What is needed ▸
Go through the material below line by line and count those containing "cospan". Write the count and nothing more.
::: Materials provided :::
text \<open>The span  A <-p1- P -p2-> B  is a pullback of the cospan  A -f-> Z <-g- B.\<close>
definition is_pullback :: "('o,'a) cat \<Rightarrow> 'a \<Rightarrow> 'a \<Rightarrow> 'a \<Rightarrow> 'a \<Rightarrow> bool" where
  "is_pullback C f g p1 p2 \<longleftrightarrow>
     f \<in> Arr C \<and> g \<in> Arr C \<and> Cod C f = Cod C g \<and>
     hom C p1 (Dom C p1) (Dom C f) \<and> hom C p2 (Dom C p1) (Dom C g) \<and>
     Cmp C f p1 = Cmp C g p2 \<and>
     (\<forall>q1 q2. hom C q1 (Dom C q1) (Dom C f) \<longrightarrow> hom C q2 (Dom C q1) (Dom C g) \<longrightarrow>
        Cmp C f q1 = Cmp C g q2 \<longrightarrow>
        (\<exists>!v. hom C v (Dom C q1) (Dom C p1) \<and> Cmp C p1 v = q1 \<and> Cmp C p2 v = q2))"

text \<open>The cospan  A -q1-> Q <-q2- B  is a pushout of the span  A <-f- X -g-> B.\<close>
definition is_pushout :: "('o,'a) cat \<Rightarrow> 'a \<Rightarrow> 'a \<Rightarrow> 'a \<Rightarrow> 'a \<Rightarrow> bool" where
  "is_pushout C f g q1 q2 \<longleftrightarrow>
     f \<in> Arr C \<and> g \<in> Arr C \<and> Dom C f = Dom C g \<and>
     hom C q1 (Cod C f) (Cod C q1) \<and> hom C q2 (Cod C g) (Cod C q1) \<and>
     Cmp C q1 f = Cmp C q2 g \<and>
     (\<forall>s1 s2. hom C s1 (Cod C f) (Cod C s1) \<longrightarrow> hom C s2 (Cod C g) (Cod C s1) \<longrightarrow>
        Cmp C s1 f = Cmp C s2 g \<longrightarrow>
        (\<exists>!v. hom C v (Cod C q1) (Cod C s1) \<and> Cmp C v q1 = s1 \<and> Cmp C v q2 = s2))"

definition has_pullbacks :: "('o,'a) cat \<Rightarrow> bool" where
  "has_pullbacks C \<longleftrightarrow> (\<forall>f g. f \<in> Arr C \<longrightarrow> g \<in> Arr C \<longrightarrow> Cod C f = Cod C g \<longrightarrow>
      (\<exists>p1 p2. is_pullback C f g p1 p2))"

definition has_pushouts :: "('o,'a) cat \<Rightarrow> bool" where
  "has_pushouts C \<longleftrightarrow> (\<forall>f g. f \<in> Arr C \<longrightarrow> g \<in> Arr C \<longrightarrow> Dom C f = Dom C g \<longrightarrow>
      (\<exists>q1 q2. is_pushout C f g q1 q2))"

definition epi_mono_factorizations :: "('o,'a) cat \<Rightarrow> bool" where
  "epi_mono_factorizations C \<longleftrightarrow> (\<forall>f\<in>Arr C. \<exists>e m. epi C e \<and> mono C m \<and>
      Cod C e = Dom C m \<and> f = Cmp C m e)"

definition amendable :: "('o,'a) cat \<Rightarrow> bool" where
  "amendable C \<longleftrightarrow> (\<forall>tL\<in>Arr C. \<exists>tL' \<beta>.
     mono C tL' \<and> Dom C tL' = Dom C tL \<and> hom C \<beta> (Cod C tL') (Cod C tL) \<and>
     tL = Cmp C \<beta> tL' \<and>
     (\<forall>m \<alpha>. mono C m \<and> Dom C m = Dom C tL \<and> hom C \<alpha> (Cod C m) (Cod C tL) \<and>
            tL = Cmp C \<alpha> m \<longrightarrow>
        (\<exists>\<alpha>'. hom C \<alpha>' (Cod C m) (Cod C tL') \<and> Cmp C \<alpha>' m = tL' \<and> Cmp C \<beta> \<alpha>' = \<alpha>)))"

definition strongly_amendable :: "('o,'a) cat \<Rightarrow> bool" where
  "strongly_amendable C \<longleftrightarrow> (\<forall>tL\<in>Arr C. \<exists>tL' \<beta>.
     mono C tL' \<and> Dom C tL' = Dom C tL \<and> hom C \<beta> (Cod C tL') (Cod C tL) \<and>
     tL = Cmp C \<beta> tL' \<and>
     (\<forall>m \<alpha>. mono C m \<and> Dom C m = Dom C tL \<and> hom C \<alpha> (Cod C m) (Cod C tL) \<and>
            tL = Cmp C \<alpha> m \<longrightarrow>
        (\<exists>\<alpha>'. hom C \<alpha>' (Cod C m) (Cod C tL') \<and> Cmp C \<alpha>' m = tL' \<and> Cmp C \<beta> \<alpha>' = \<alpha> \<and>
              is_pullback C tL' \<alpha>' (Idt C (Dom C tL)) m)))"

record 'a pbpo_rule =
  pl  :: 'a   (* l  : K  -> L  *)
  pr  :: 'a   (* r  : K  -> R  *)
  ptL :: 'a   (* tL : L  -> L' *)
  ptK :: 'a   (* tK : K  -> K' *)
  ptR :: 'a   (* tR : R  -> R' *)
  pl' :: 'a   (* l' : K' -> L' *)
  pr' :: 'a   (* r' : K' -> R' *)

definition is_pbpo_rule :: "('o,'a) cat \<Rightarrow> 'a pbpo_rule \<Rightarrow> bool" where
  "is_pbpo_rule C \<rho> \<longleftrightarrow>
     (let l = pl \<rho>; r = pr \<rho>; tL = ptL \<rho>; tK = ptK \<rho>; tR = ptR \<rho>; l' = pl' \<rho>; r' = pr' \<rho>;
          K = Dom C l; L = Cod C l; R = Cod C r; L' = Cod C tL; K' = Cod C tK; R' = Cod C tR in
      hom C l K L \<and> hom C r K R \<and> hom C tL L L' \<and> hom C tK K K' \<and> hom C tR R R' \<and>
      hom C l' K' L' \<and> hom C r' K' R' \<and>
      Cmp C tL l = Cmp C l' tK \<and> Cmp C tR r = Cmp C r' tK)"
:::
Answer to this problem ▸
2